Monoacylglycerol lipase (MAGL) is a main enzyme responsible for the inactivation of the most abundant brain endocannabinoid, 2-arachidonoylglycerol (2-AG). It has recently been shown that MAGL has become a promising therapeutic target for the treatment of several diseases such as cancers, neuroinflammation, and neurodegenerative disorders, and metabolic disorders. 8 Increasing evidences have demonstrated that blocking MAGL by MAGL inhibitors may produce diverse biochemical and physiological roles in combatting a variety of human diseases through bidirectionally manipulating endocannabinoid, eicosanoid, and other lipid signaling pathways. 9,10
JZL184 is a MAGL selective inhibitor that has been observed to exhibit anti-inflammatory, anti-cancer, anti-hyperalgesic and neuroprotective effects. 11 –14 For example, JZL184 improves behavior and neural properties in a down syndrome model, which is a development disorder with deficient cognition. 15 JZL184 reduces neuroinflammatory response and formation of beta-amyloid (Aβ) in the Alzheimer’s disease mouse model APdE9 and in adult mouse glial cells. 16 JZL184 is neuroprotective in the chronic MPTP-induced Parkinson’s mouse model involving restorative astroglia and microglia activation and the release of neuroprotective and anti-inflammatory molecules. 17 Considering the anti-neuroinflammatory and neuroprotective properties of JZL184, we speculated that JZL184 might have protective effect on cerebral I/R injury.

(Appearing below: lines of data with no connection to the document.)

(* Product k = (i * b + j) * c + l computes A(i,j) B(j,l). *)
lemma mm_alg_naive:
  "mm_alg a b c (a * b * c)
    (\<lambda>k i j. of_bool (k div (b * c) = i \<and> k div c mod b = j))
    (\<lambda>k j l. of_bool (k div c mod b = j \<and> k mod c = l))
    (\<lambda>k i l. of_bool (k div (b * c) = i \<and> k mod c = l) :: 'k::field)"
  unfolding mm_alg_def
proof (intro allI impI)
  fix i j j' l i' l'
  assume idx: "i < a" "j < b" "j' < b" "l < c" "i' < a" "l' < c"
  have product_eq: "of_bool (k div (b * c) = i \<and> k div c mod b = j) *
      of_bool (k div c mod b = j' \<and> k mod c = l) *
      of_bool (k div (b * c) = i' \<and> k mod c = l') =
      of_bool (i = i' \<and> j = j' \<and> l = l') * (of_bool (k = (i * b + j) * c + l) :: 'k)" for k
    using div_mod_decode_iff[OF idx(2,4), of k i] by auto
  have "(i * b + j) * c + l < a * b * c"
    using idx(1,2,4) by (rule mixed_radix_less)
  then show "(\<Sum>k<a * b * c. of_bool (k div (b * c) = i \<and> k div c mod b = j) *
      of_bool (k div c mod b = j' \<and> k mod c = l) *
      of_bool (k div (b * c) = i' \<and> k mod c = l')) =
      (if i = i' \<and> j = j' \<and> l = l' then 1 else (0::'k))"
    unfolding product_eq sum_distrib_left[symmetric] by simp
qed

lemma ex_mm_alg_mm_rank:
  "\<exists>(alpha :: nat \<Rightarrow> nat \<Rightarrow> nat \<Rightarrow> 'k::field) beta gamma.
     mm_alg a b c (mm_rank TYPE('k) a b c) alpha beta gamma"
  unfolding mm_rank_def by (rule LeastI_ex) (use mm_alg_naive in blast)

lemma mm_rank_le:
  assumes "mm_alg a b c r (alpha :: nat \<Rightarrow> nat \<Rightarrow> nat \<Rightarrow> 'k::field) beta gamma"
  shows "mm_rank TYPE('k) a b c \<le> r"
  unfolding mm_rank_def by (rule Least_le) (use assms in blast)

lemma mm_rank_rotate: "mm_rank TYPE('k::field) b c a = mm_rank TYPE('k) a b c"
proof -
  have le: "mm_rank TYPE('k) b c a \<le> mm_rank TYPE('k) a b c" for a b c
  proof -
    obtain alpha beta gamma :: "nat \<Rightarrow> nat \<Rightarrow> nat \<Rightarrow> 'k"
      where "mm_alg a b c (mm_rank TYPE('k) a b c) alpha beta gamma"
      using ex_mm_alg_mm_rank by blast
    then show ?thesis
      by (rule mm_rank_le[OF mm_alg_rotate])
  qed
  show ?thesis
    using le[of a b c] le[of b c a] le[of c a b] by linarith
qed

(* Concatenation of the families f k of length r k, for k < n; the value for n = 0 is irrelevant,
   as it is only used on an empty range. *)
primrec stack :: "(nat \<Rightarrow> nat) \<Rightarrow> (nat \<Rightarrow> nat \<Rightarrow> 'a) \<Rightarrow> nat \<Rightarrow> nat \<Rightarrow> 'a" where
  "stack r f 0 = f 0"
| "stack r f (Suc n) =
     (\<lambda>p. if p < (\<Sum>k<n. r k) then stack r f n p else f n (p - (\<Sum>k<n. r k)))"

lemma sum_stack:
  "(\<Sum>p<(\<Sum>k<n. r k). F (stack r f n p) (stack r g n p) (stack r h n p)) =
   (\<Sum>k<n. \<Sum>p<r k. F (f k p) (g k p) (h k p))"
  by (induction n) (simp_all add: sum_lessThan_add)

definition block_index :: "nat \<Rightarrow> nat \<Rightarrow> nat" where
  "block_index s x = (if x < s then 0 else 1)"

definition block_offset :: "nat \<Rightarrow> nat \<Rightarrow> nat" where
  "block_offset s x = (if x < s then x else x - s)"

definition block_size :: "nat \<Rightarrow> nat \<Rightarrow> nat \<Rightarrow> nat" where
  "block_size s t i = (if i = 0 then s else t)"

lemma block_index_less: "block_index s x < 2"
  by (simp add: block_index_def)

lemma block_offset_less: "x < s + t \<Longrightarrow> block_offset s x < block_size s t (block_index s x)"
  by (auto simp: block_offset_def block_index_def block_size_def)

lemma block_eq_iff:
  "x = x' \<longleftrightarrow> block_index s x = block_index s x' \<and> block_offset s x = block_offset s x'"
  by (auto simp: block_index_def block_offset_def split: if_splits)

(* The products are computed on P x Q and Q x T corners of the padded blocks only. Along each
   dimension this loses nothing if the corner covers the smaller of the two blocks meeting there. *)
definition block_fits ::
  "nat \<Rightarrow> nat \<Rightarrow> nat \<Rightarrow> nat \<Rightarrow> nat \<Rightarrow> (nat \<Rightarrow> nat \<Rightarrow> 'k::zero)
    \<Rightarrow> (nat \<Rightarrow> nat \<Rightarrow> 'k) \<Rightarrow> (nat \<Rightarrow> nat \<Rightarrow> 'k) \<Rightarrow> bool" where
  "block_fits s t P Q T u v w \<longleftrightarrow>
     (\<forall>i<2. \<forall>j<2. \<forall>i'<2. \<forall>l'<2. u i j \<noteq> 0 \<and> w i' l' \<noteq> 0 \<longrightarrow>
        min (block_size s t i) (block_size s t i') \<le> P) \<and>
     (\<forall>i<2. \<forall>j<2. \<forall>j'<2. \<forall>l<2. u i j \<noteq> 0 \<and> v j' l \<noteq> 0 \<longrightarrow>
        min (block_size s t j) (block_size s t j') \<le> Q) \<and>
     (\<forall>j'<2. \<forall>l<2. \<forall>i'<2. \<forall>l'<2. v j' l \<noteq> 0 \<and> w i' l' \<noteq> 0 \<longrightarrow>
        min (block_size s t l) (block_size s t l') \<le> T)"

lemma block_fitsD:
  assumes "block_fits s t P Q T u v w"
    and "i < 2" "j < 2" "j' < 2" "l < 2" "i' < 2" "l' < 2"
    and "u i j \<noteq> 0" "v j' l \<noteq> 0" "w i' l' \<noteq> 0"
  shows "min (block_size s t i) (block_size s t i') \<le> P \<and>
    min (block_size s t j) (block_size s t j') \<le> Q \<and> min (block_size s t l) (block_size s t l') \<le> T"
  using assms unfolding block_fits_def by simp

lemma block_fits_offsets:
  fixes u v w :: "nat \<Rightarrow> nat \<Rightarrow> 'k::mult_zero"
  assumes "block_fits s t P Q T u v w"
    and "u (block_index s x) (block_index s y) * v (block_index s y') (block_index s z) *
      w (block_index s x') (block_index s z') \<noteq> 0"
    and "x < s + t" "y < s + t" "y' < s + t" "z < s + t" "x' < s + t" "z' < s + t"
    and "block_offset s x = block_offset s x'" "block_offset s y = block_offset s y'"
      "block_offset s z = block_offset s z'"
  shows "block_offset s x < P \<and> block_offset s y < Q \<and> block_offset s z < T"
proof -
  have "u (block_index s x) (block_index s y) \<noteq> 0" "v (block_index s y') (block_index s z) \<noteq> 0"
    "w (block_index s x') (block_index s z') \<noteq> 0"
    using assms(2) by auto
  then have "min (block_size s t (block_index s x)) (block_size s t (block_index s x')) \<le> P \<and>
      min (block_size s t (block_index s y)) (block_size s t (block_index s y')) \<le> Q \<and>
      min (block_size s t (block_index s z)) (block_size s t (block_index s z')) \<le> T"
    by (intro block_fitsD[OF assms(1) block_index_less block_index_less block_index_less
        block_index_less block_index_less block_index_less])
  then show ?thesis
    using assms(3-) block_offset_less[of _ s t] by (metis min_less_iff_conj order_less_le_trans)
qed

definition block_lift ::
  "nat \<Rightarrow> (nat \<Rightarrow> nat \<Rightarrow> 'k::{zero,times}) \<Rightarrow> nat \<Rightarrow> nat \<Rightarrow> (nat \<Rightarrow> nat \<Rightarrow> 'k) \<Rightarrow> nat \<Rightarrow> nat \<Rightarrow> 'k" where
  "block_lift s u m n f x y =
     (if block_offset s x < m \<and> block_offset s y < n
      then u (block_index s x) (block_index s y) * f (block_offset s x) (block_offset s y) else 0)"

lemma sum_block_lift:
  assumes alg: "mm_alg P Q T r alpha beta gamma"
    and fits: "block_fits s t P Q T u v w"
    and idx: "x < s + t" "y < s + t" "y' < s + t" "z < s + t" "x' < s + t" "z' < s + t"
  shows "(\<Sum>p<r. block_lift s u P Q (alpha p) x y * block_lift s v Q T (beta p) y' z *
      block_lift s w P T (gamma p) x' z') =
    u (block_index s x) (block_index s y) * v (block_index s y') (block_index s z) *
    w (block_index s x') (block_index s z') *
    (if block_offset s x = block_offset s x' \<and> block_offset s y = block_offset s y' \<and>
        block_offset s z = block_offset s z' then 1 else 0)"
    (is "?lhs = ?c * (if ?same_offsets then 1 else 0)")
proof -
  let ?O = "block_offset s"
  let ?in_range = "?O x < P \<and> ?O y < Q \<and> ?O y' < Q \<and> ?O z < T \<and> ?O x' < P \<and> ?O z' < T"
  have "?lhs = (if ?in_range
      then ?c * (\<Sum>p<r. alpha p (?O x) (?O y) * beta p (?O y') (?O z) * gamma p (?O x') (?O z'))
      else 0)"
    by (cases ?in_range) (auto simp: block_lift_def sum_distrib_left mult_ac intro!: sum.neutral)
  also have "\<dots> = (if ?in_range then ?c * (if ?same_offsets then 1 else 0) else 0)"
    using alg unfolding mm_alg_def by auto
  also have "\<dots> = ?c * (if ?same_offsets then 1 else 0)"
    using block_fits_offsets[OF fits _ idx] by auto
  finally show ?thesis .
qed

lemma mm_alg_block_substitution:
  assumes scheme: "mm_alg 2 2 2 n u v w"
    and algs: "\<And>k. k < n \<Longrightarrow> mm_alg (P k) (Q k) (T k) (r k) (alpha k) (beta k) (gamma k)"
    and fits: "\<And>k. k < n \<Longrightarrow> block_fits s t (P k) (Q k) (T k) (u k) (v k) (w k)"
  shows "mm_alg (s + t) (s + t) (s + t) (\<Sum>k<n. r k)
    (stack r (\<lambda>k p. block_lift s (u k) (P k) (Q k) (alpha k p)) n)
    (stack r (\<lambda>k p. block_lift s (v k) (Q k) (T k) (beta k p)) n)
    (stack r (\<lambda>k p. block_lift s (w k) (P k) (T k) (gamma k p)) n)"
  unfolding mm_alg_def
proof (intro allI impI)
  fix x y y' z x' z'
  assume idx: "x < s + t" "y < s + t" "y' < s + t" "z < s + t" "x' < s + t" "z' < s + t"
  let ?I = "block_index s" and ?O = "block_offset s"
  let ?same_offsets = "?O x = ?O x' \<and> ?O y = ?O y' \<and> ?O z = ?O z'"
  let ?A = "stack r (\<lambda>k p. block_lift s (u k) (P k) (Q k) (alpha k p)) n"
    and ?B = "stack r (\<lambda>k p. block_lift s (v k) (Q k) (T k) (beta k p)) n"
    and ?C = "stack r (\<lambda>k p. block_lift s (w k) (P k) (T k) (gamma k p)) n"
  have "(\<Sum>p<(\<Sum>k<n. r k). ?A p x y * ?B p y' z * ?C p x' z') =
    (\<Sum>k<n. \<Sum>p<r k. block_lift s (u k) (P k) (Q k) (alpha k p) x y *
      block_lift s (v k) (Q k) (T k) (beta k p) y' z * block_lift s (w k) (P k) (T k) (gamma k p) x' z')"
    by (rule sum_stack[where F = "\<lambda>a b c. a x y * b y' z * c x' z'"])
  also have "\<dots> = (\<Sum>k<n. u k (?I x) (?I y) * v k (?I y') (?I z) * w k (?I x') (?I z') *
      (if ?same_offsets then 1 else 0))"
    using algs fits idx by (intro sum.cong refl sum_block_lift) auto
  also have "\<dots> = (\<Sum>k<n. u k (?I x) (?I y) * v k (?I y') (?I z) * w k (?I x') (?I z')) *
      (if ?same_offsets then 1 else 0)"
    by (simp add: sum_distrib_right)
  also have "(\<Sum>k<n. u k (?I x) (?I y) * v k (?I y') (?I z) * w k (?I x') (?I z')) =
      (if ?I x = ?I x' \<and> ?I y = ?I y' \<and> ?I z = ?I z' then 1 else 0)"
    using scheme block_index_less[of s] unfolding mm_alg_def by simp
  finally show "(\<Sum>p<(\<Sum>k<n. r k). ?A p x y * ?B p y' z * ?C p x' z') =
      (if x = x' \<and> y = y' \<and> z = z' then 1 else 0)"
    by (simp add: block_eq_iff[of x x' s] block_eq_iff[of y y' s] block_eq_iff[of z z' s])
qed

In the present study, we examined the effect of JZL184 on cerebral I/R injury in vitro using rat primary hippocampal neuronal cells. Furthermore, we investigated whether the protective effect is mediated by Nrf2/ARE signaling pathway. Our results proved that JZL184 exerted protective effect against I/R-induced oxidative stress, inflammation and apoptosis via regulating Nrf2/ARE signaling pathway.
Materials and methods
Preparation of primary hippocampal neuronal cells
Preparation of primary hippocampal neurons was performed as described by Latt et al. 18 Postnatal day 0-2 newborn Sprague-Dawley rats obtained from The First Affiliated Hospital of Xi’an Jiaotong University (Xi’an, China) were used for the isolation of hippocampal neurons. The rats were decapitated, and the cerebral hippocampi were separated from brains after removing meninges. The tissues were dissected in Histidine buffer solution (HBS) and then added to Neurobasal medium with 2% B27 supplement. After trypsinization in 0.25% Trypsin-EDTA at 37°C for 20 min, the fragments were subjected to mechanical dissociation using a Pasteur pipette and mild centrifugation at 2000 rpm for 3 min. Then the cells were maintained in Neurobasal medium with 2% B27 supplement, 0.1% Penicillin-Streptomycin, and 0.25% Glumax and kept in an incubator under 5% CO2 at 37°C. All experimental procedures were performed following the Laboratory Animal Care and Use Guidance Suggestions of The First Affiliated Hospital of Xi’an Jiaotong University.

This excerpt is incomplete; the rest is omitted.